While I have been working at these lessons and practicing the things I have learned, the marking of the timbers to be cut in the spring for the bridge pilings is not going well. A whole team of markers and their military escort was found slaughtered in the forest not an hour's march south of the fortress. The centurion who brought the news of the massacre said that the attackers were apparently "untamed" Germans and their tracks led back across the ice-covered Rhenus. The marking continues, but now with a whole century in support of the timber parties instead of the previous smaller units. The patrols along the River have also been increased; they are now being supported by cavalry as necessary, and new signal stations are being erected closer to the main fortress. So far about one-third of the timbers needed for pilings and the temporary bridge have been marked. The temporary bridge will be built alongside the permanent bridge that will be used to bring workers and material to the main bridge foundations.
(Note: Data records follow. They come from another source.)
(* Let $n\ge 1$ be odd. Consider the generalized $n$-gene repressilator system $$\dot r_i = a_i(p_{i-1}) - d_{r_i}(r_i),\qquad \dot p_i = k_i(r_i) - d_{p_i}(p_i),\qquad i=1,\dots,n,$$ (indices mod $n$), with functions satisfying the standing assumptions in the context, and let $E_C=(r_1^*,\dots,r_n^*,p_1^*,\dots,p_n^* )\in(0,\infty)^{2n}$ be its (central) steady state. If $\mathcal{D} > |\mathcal{K}|$, where $\mathcal{D}$ and $\mathcal{K}$ are evaluated at $E_C$, then $E_C$ is locally asymptotically stable.
   Context: Standing assumptions: each $a_i:[0,\infty)\to\mathbb{R}$ is $C^1$, nonnegative, strictly decreasing, with $a_i(0)>0$; each $d_{r_i}, d_{p_i}, k_i:[0,\infty)\to\mathbb{R}$ is $C^1$, vanishes at $0$, and is strictly increasing on $(0,\infty)$. At the steady state define $\partial_i^R := d_{r_i}'(r_i^* )$, $\partial_i^P := d_{p_i}'(p_i^* )$, $\mathcal{D}:=\prod_{i=1}^n \partial_i^R\partial_i^P$, $\mathcal{K}_i := k_i'(r_i^* )\,a_i'(p_{i-1}^* )$, and $\mathcal{K}:=\prod_{i=1}^n\mathcal{K}_i$. A steady state is called (locally asymptotically) stable if every eigenvalue of the Jacobian matrix at it has negative real part. *)

theory Defs
  imports "HOL-Analysis.Analysis" "Jordan_Normal_Form.Char_Poly"
begin

text \<open>Genes are indexed 0,...,n-1 (cyclically); the predecessor of gene i is (i + n - 1) mod n.
  The state is x :: nat => real with x i = r_i and x (n + i) = p_i for i < n.\<close>

definition pred_idx :: "nat \<Rightarrow> nat \<Rightarrow> nat" where
  "pred_idx n i = (i + n - 1) mod n"

definition repr_field ::
  "nat \<Rightarrow> (nat \<Rightarrow> real \<Rightarrow> real) \<Rightarrow> (nat \<Rightarrow> real \<Rightarrow> real) \<Rightarrow> (nat \<Rightarrow> real \<Rightarrow> real)
   \<Rightarrow> (nat \<Rightarrow> real \<Rightarrow> real) \<Rightarrow> (nat \<Rightarrow> real) \<Rightarrow> nat \<Rightarrow> real" where
  "repr_field n a dr k dp x j =
     (if j < n then a j (x (n + pred_idx n j)) - dr j (x j)
      else k (j - n) (x (j - n)) - dp (j - n) (x j))"

definition repr_jacobian ::
  "nat \<Rightarrow> (nat \<Rightarrow> real \<Rightarrow> real) \<Rightarrow> (nat \<Rightarrow> real \<Rightarrow> real) \<Rightarrow> (nat \<Rightarrow> real \<Rightarrow> real)
   \<Rightarrow> (nat \<Rightarrow> real \<Rightarrow> real) \<Rightarrow> (nat \<Rightarrow> real) \<Rightarrow> real mat" where
  "repr_jacobian n a dr k dp x =
     mat (2 * n) (2 * n)
       (\<lambda>(i, j). deriv (\<lambda>t. repr_field n a dr k dp (x(j := t)) i) (x j))"

text \<open>Locally asymptotically stable: every (complex) eigenvalue of the Jacobian has negative real part.\<close>
definition jac_stable :: "real mat \<Rightarrow> bool" where
  "jac_stable J = (\<forall>z. eigenvalue (map_mat complex_of_real J) z \<longrightarrow> Re z < 0)"

end

theory Submission
  imports Defs
begin

text \<open>An eigenvector \<open>(r, p)\<close> of the Jacobian with eigenvalue \<open>z\<close> satisfies
  \<open>(z + \<partial>\<^sup>R\<^sub>i) r\<^sub>i = a\<^sub>i' p\<^sub>i\<^sub>-\<^sub>1\<close> and \<open>(z + \<partial>\<^sup>P\<^sub>i) p\<^sub>i = k\<^sub>i' r\<^sub>i\<close>.
  If \<open>Re z \<ge> 0\<close> then \<open>|z + c| \<ge> c\<close> for every \<open>c \<ge> 0\<close>, so multiplying the moduli of these
  relations once around the cycle gives \<open>\<D> \<Prod>|p\<^sub>i| \<le> |\<K>| \<Prod>|p\<^sub>i|\<close>. As \<open>\<D> > |\<K>|\<close>, some \<open>p\<^sub>i\<close>
  vanishes, and the relations carry this zero around the cycle to the whole eigenvector.\<close>

lemma pred_idx_less: "i < n \<Longrightarrow> pred_idx n i < n"
  by (simp add: pred_idx_def)

lemma pred_idx_Suc_mod: "i < n \<Longrightarrow> pred_idx n (Suc i mod n) = i"
  by (cases "Suc i = n") (simp_all add: pred_idx_def)

lemma Suc_pred_idx_mod: "i < n \<Longrightarrow> Suc (pred_idx n i) mod n = i"
  by (cases i) (simp_all add: pred_idx_def)

lemma bij_betw_pred_idx: "bij_betw (pred_idx n) {..<n} {..<n}"
  by (rule bij_betw_byWitness[where f' = "\<lambda>i. Suc i mod n"])
     (auto simp: pred_idx_less pred_idx_Suc_mod Suc_pred_idx_mod)

lemma prod_pred_idx_reindex: "(\<Prod>i<n. f (pred_idx n i)) = (\<Prod>i<n. f i)"
  using prod.reindex_bij_betw[OF bij_betw_pred_idx] .

lemma pred_idx_cycle_induct:
  assumes "i0 < n" "P i0" "\<And>i. i < n \<Longrightarrow> P (pred_idx n i) \<Longrightarrow> P i" "i < n"
  shows "P i"
proof -
  have "P ((i0 + m) mod n)" for m
  proof (induction m)
    case 0
    then show ?case using assms(1,2) by simp
  next
    case (Suc m)
    have "(i0 + m) mod n < n" using assms(1) by simp
    then have "P (Suc ((i0 + m) mod n) mod n)"
      using assms(3) Suc.IH by (simp add: pred_idx_Suc_mod)
    then show ?case by (simp add: mod_Suc_eq)
  qed
  from this[of "i + n - i0"] show ?thesis
    using assms(1,4) by simp
qed

lemma norm_add_of_real_ge:
  fixes z :: complex
  assumes "Re z \<ge> 0" "t \<ge> 0"
  shows "t \<le> cmod (z + of_real t)"
  using assms complex_Re_le_cmod[of "z + of_real t"] by simp

lemma cyclic_cascade_only_trivial_solution:
  fixes z :: complex and \<alpha> \<beta> c d :: "nat \<Rightarrow> real" and r p :: "nat \<Rightarrow> complex"
  assumes "Re z \<ge> 0"
    and \<alpha>_nonneg: "\<And>i. i < n \<Longrightarrow> \<alpha> i \<ge> 0" and \<beta>_nonneg: "\<And>i. i < n \<Longrightarrow> \<beta> i \<ge> 0"
    and gain: "(\<Prod>i<n. \<alpha> i * \<beta> i) > \<bar>\<Prod>i<n. d i * c i\<bar>"
    and r_eq: "\<And>i. i < n \<Longrightarrow> (z + of_real (\<alpha> i)) * r i = of_real (c i) * p (pred_idx n i)"
    and p_eq: "\<And>i. i < n \<Longrightarrow> (z + of_real (\<beta> i)) * p i = of_real (d i) * r i"
    and "i < n"
  shows "r i = 0 \<and> p i = 0"
proof -
  define \<gamma> where "\<gamma> i = cmod (z + of_real (\<alpha> i)) * cmod (z + of_real (\<beta> i))" for i
  have \<gamma>_ge: "\<alpha> i * \<beta> i \<le> \<gamma> i" if "i < n" for i
    unfolding \<gamma>_def using that \<alpha>_nonneg \<beta>_nonneg norm_add_of_real_ge[OF \<open>Re z \<ge> 0\<close>]
    by (intro mult_mono) auto
  have \<alpha>\<beta>_pos: "\<alpha> i > 0 \<and> \<beta> i > 0" if "i < n" for i
  proof (rule ccontr)
    assume "\<not> (\<alpha> i > 0 \<and> \<beta> i > 0)"
    then have "(\<Prod>i<n. \<alpha> i * \<beta> i) = 0"
      using that \<alpha>_nonneg[OF that] \<beta>_nonneg[OF that] by (intro prod_zero) auto
    with gain show False by simp
  qed
  have \<gamma>_pos: "\<gamma> i > 0" if "i < n" for i
    using \<gamma>_ge[OF that] \<alpha>\<beta>_pos[OF that] by (meson less_le_trans mult_pos_pos)
  have cycle: "\<gamma> i * cmod (p i) = \<bar>d i * c i\<bar> * cmod (p (pred_idx n i))" if "i < n" for i
  proof -
    have "(z + of_real (\<alpha> i)) * ((z + of_real (\<beta> i)) * p i)
            = of_real (d i) * ((z + of_real (\<alpha> i)) * r i)"
      using p_eq[OF that] by (simp add: ac_simps)
    also have "\<dots> = of_real (d i * c i) * p (pred_idx n i)"
      using r_eq[OF that] by simp
    finally show ?thesis
      unfolding \<gamma>_def by (metis mult.assoc norm_mult norm_of_real)
  qed
  have "(\<Prod>i<n. \<gamma> i) * (\<Prod>i<n. cmod (p i)) = (\<Prod>i<n. \<bar>d i * c i\<bar> * cmod (p (pred_idx n i)))"
    by (simp add: prod.distrib[symmetric] cycle)
  also have "\<dots> = \<bar>\<Prod>i<n. d i * c i\<bar> * (\<Prod>i<n. cmod (p i))"
    using prod_pred_idx_reindex[of "\<lambda>i. cmod (p i)" n]
    by (simp add: prod.distrib[of "\<lambda>i. \<bar>d i * c i\<bar>"] abs_prod)
  finally have "(\<Prod>i<n. \<gamma> i) * (\<Prod>i<n. cmod (p i)) = \<bar>\<Prod>i<n. d i * c i\<bar> * (\<Prod>i<n. cmod (p i))" .
  moreover have "(\<Prod>i<n. \<gamma> i) > \<bar>\<Prod>i<n. d i * c i\<bar>"
    using gain prod_mono[of "{..<n}" "\<lambda>i. \<alpha> i * \<beta> i" \<gamma>] \<gamma>_ge \<alpha>_nonneg \<beta>_nonneg
    by force
  ultimately have "(\<Prod>i<n. cmod (p i)) = 0" by simp
  then obtain i0 where "i0 < n" "p i0 = 0" by auto
  have p_zero: "p j = 0" if "j < n" for j
  proof (rule pred_idx_cycle_induct[of i0 n])
    show "p i = 0" if "i < n" "p (pred_idx n i) = 0" for i
      using that cycle[of i] \<gamma>_pos[of i] by simp
  qed (use \<open>i0 < n\<close> \<open>p i0 = 0\<close> \<open>j < n\<close> in auto)
  have "z + of_real (\<alpha> i) \<noteq> 0"
    using norm_add_of_real_ge[OF \<open>Re z \<ge> 0\<close>, of "\<alpha> i"] \<alpha>\<beta>_pos[OF \<open>i < n\<close>] by auto
  then show ?thesis
    using r_eq[OF \<open>i < n\<close>] p_zero pred_idx_less \<open>i < n\<close> by simp
qed

lemma sum_of_real_delta_diff:
  fixes w :: "nat \<Rightarrow> 'a::real_algebra_1"
  assumes "finite S" "j0 \<in> S" "j1 \<in> S"
  shows "(\<Sum>j\<in>S. of_real ((if j = j0 then A else 0) - (if j = j1 then R else 0)) * w j)
           = of_real A * w j0 - of_real R * w j1"
  using assms
  by (simp add: of_real_diff left_diff_distrib sum_subtractf if_distrib[of of_real]
      if_distrib[of "\<lambda>c. c * _"] cong: if_cong)

lemma has_real_derivative_fun_upd_component:
  assumes "(f has_real_derivative f') (at (x m))"
  shows "((\<lambda>t. f ((x(j := t)) m)) has_real_derivative (if j = m then f' else 0)) (at (x j))"
  using assms by (cases "j = m") simp_all

lemma repr_jacobian_upper_entry:
  assumes "i < n" "j < 2 * n"
    and "(a i has_real_derivative A) (at (x (n + pred_idx n i)))"
    and "(dr i has_real_derivative R) (at (x i))"
  shows "repr_jacobian n a dr k dp x $$ (i, j)
           = (if j = n + pred_idx n i then A else 0) - (if j = i then R else 0)"
proof -
  have "repr_field n a dr k dp (x(j := t)) i
          = a i ((x(j := t)) (n + pred_idx n i)) - dr i ((x(j := t)) i)" for t
    using assms(1) by (simp add: repr_field_def)
  moreover have "((\<lambda>t. a i ((x(j := t)) (n + pred_idx n i)) - dr i ((x(j := t)) i))
      has_real_derivative (if j = n + pred_idx n i then A else 0) - (if j = i then R else 0)) (at (x j))"
    using assms(3,4) by (intro DERIV_diff has_real_derivative_fun_upd_component)
  ultimately show ?thesis
    using assms(1,2) by (simp add: repr_jacobian_def DERIV_imp_deriv)
qed

lemma repr_jacobian_lower_entry:
  assumes "i < n" "j < 2 * n"
    and "(k i has_real_derivative K) (at (x i))"
    and "(dp i has_real_derivative P) (at (x (n + i)))"
  shows "repr_jacobian n a dr k dp x $$ (n + i, j)
           = (if j = i then K else 0) - (if j = n + i then P else 0)"
proof -
  have "repr_field n a dr k dp (x(j := t)) (n + i) = k i ((x(j := t)) i) - dp i ((x(j := t)) (n + i))" for t
    using assms(1) by (simp add: repr_field_def)
  moreover have "((\<lambda>t. k i ((x(j := t)) i) - dp i ((x(j := t)) (n + i)))
      has_real_derivative (if j = i then K else 0) - (if j = n + i then P else 0)) (at (x j))"
    using assms(3,4) by (intro DERIV_diff has_real_derivative_fun_upd_component)
  ultimately show ?thesis
    using assms(1,2) by (simp add: repr_jacobian_def DERIV_imp_deriv)
qed

lemma dim_repr_jacobian [simp]:
  "dim_row (repr_jacobian n a dr k dp x) = 2 * n"
  "dim_col (repr_jacobian n a dr k dp x) = 2 * n"
  by (simp_all add: repr_jacobian_def)

lemma repr_jacobian_mult_vec_upper:
  fixes v :: "complex vec"
  assumes "i < n" "dim_vec v = 2 * n"
    and "(a i has_real_derivative A) (at (x (n + pred_idx n i)))"
    and "(dr i has_real_derivative R) (at (x i))"
  shows "(map_mat of_real (repr_jacobian n a dr k dp x) *\<^sub>v v) $ i
           = of_real A * v $ (n + pred_idx n i) - of_real R * v $ i"
proof -
  have "(map_mat of_real (repr_jacobian n a dr k dp x) *\<^sub>v v) $ i
      = (\<Sum>j\<in>{0..<2 * n}. of_real ((if j = n + pred_idx n i then A else 0)
                                     - (if j = i then R else 0)) * v $ j)"
    using assms by (auto simp: scalar_prod_def repr_jacobian_upper_entry intro!: sum.cong)
  also have "\<dots> = of_real A * v $ (n + pred_idx n i) - of_real R * v $ i"
    using assms(1) by (intro sum_of_real_delta_diff) (auto simp: pred_idx_less)
  finally show ?thesis .
qed

lemma repr_jacobian_mult_vec_lower:
  fixes v :: "complex vec"
  assumes "i < n" "dim_vec v = 2 * n"
    and "(k i has_real_derivative K) (at (x i))"
    and "(dp i has_real_derivative P) (at (x (n + i)))"
  shows "(map_mat of_real (repr_jacobian n a dr k dp x) *\<^sub>v v) $ (n + i)
           = of_real K * v $ i - of_real P * v $ (n + i)"
proof -
  have "(map_mat of_real (repr_jacobian n a dr k dp x) *\<^sub>v v) $ (n + i)
      = (\<Sum>j\<in>{0..<2 * n}. of_real ((if j = i then K else 0)
                                     - (if j = n + i then P else 0)) * v $ j)"
    using assms by (auto simp: scalar_prod_def repr_jacobian_lower_entry intro!: sum.cong)
  also have "\<dots> = of_real K * v $ i - of_real P * v $ (n + i)"
    using assms(1) by (intro sum_of_real_delta_diff) auto
  finally show ?thesis .
qed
The heavy anchor cables are being twisted and then coiled for storage against their anticipated need in the Spring.
Quarries have been identified so that quarrying can begin as soon as the weather warms. One of them is so close to the river that we might be able to lower the stone into a boat or barge directly from the quarry itself without having to transport it to a pier first.
I have been given permission to sleep here in the Praetorium, if I wish to do so, so as to be near the bridge work and my lessons. This is a valued privilege since the legion's sleeping areas are unheated and one goes to his sleeping place there with all the covering one can find against the cold. Since my involvement with the engineer no-one has tagged me for patrol detail along the Rhenus Road or sentry duty protecting the timber markers in the forest. I am very pleased to be able to devote most of my free time to my lessons.
Shortly after I returned to my work upon the drawings, a centurion suddenly thrust his head around the door curtain and asked gruffly after
the engineer. I slammed to attention and replied that he had gone out, and hastily added that he had not left word where he would be. The centurion growled something unintelligible and hurried away, his nailed sandals clicking down the brick hallway. The dinner hour was nearly here but I felt that I had better stay by the office, and in my pack I had a store of barley cake and cheese to keep me from hunger. After a meager supper and straightening the room in anticipation of the next day's work, I saw that fires in the braziers were dying, so I banked the coals in each one, and laid out a supply of the special quick-burning pitch sticks that the engineer had shown me how to find and make. These were against his late return tonight or the next morning, needing to rekindle the fires to heat the room again. I unrolled my thin mattress in the corner and wrapped myself in my heavy robe. I remembered the look of harassment on the centurion's face when he looked into the room. Whatever the concern was, the solution was not likely to be easy. Centurions usually do not appeal to higher authority unless absolutely necessary. I suspected sleep might be slow to come, due to that suspense. I was right.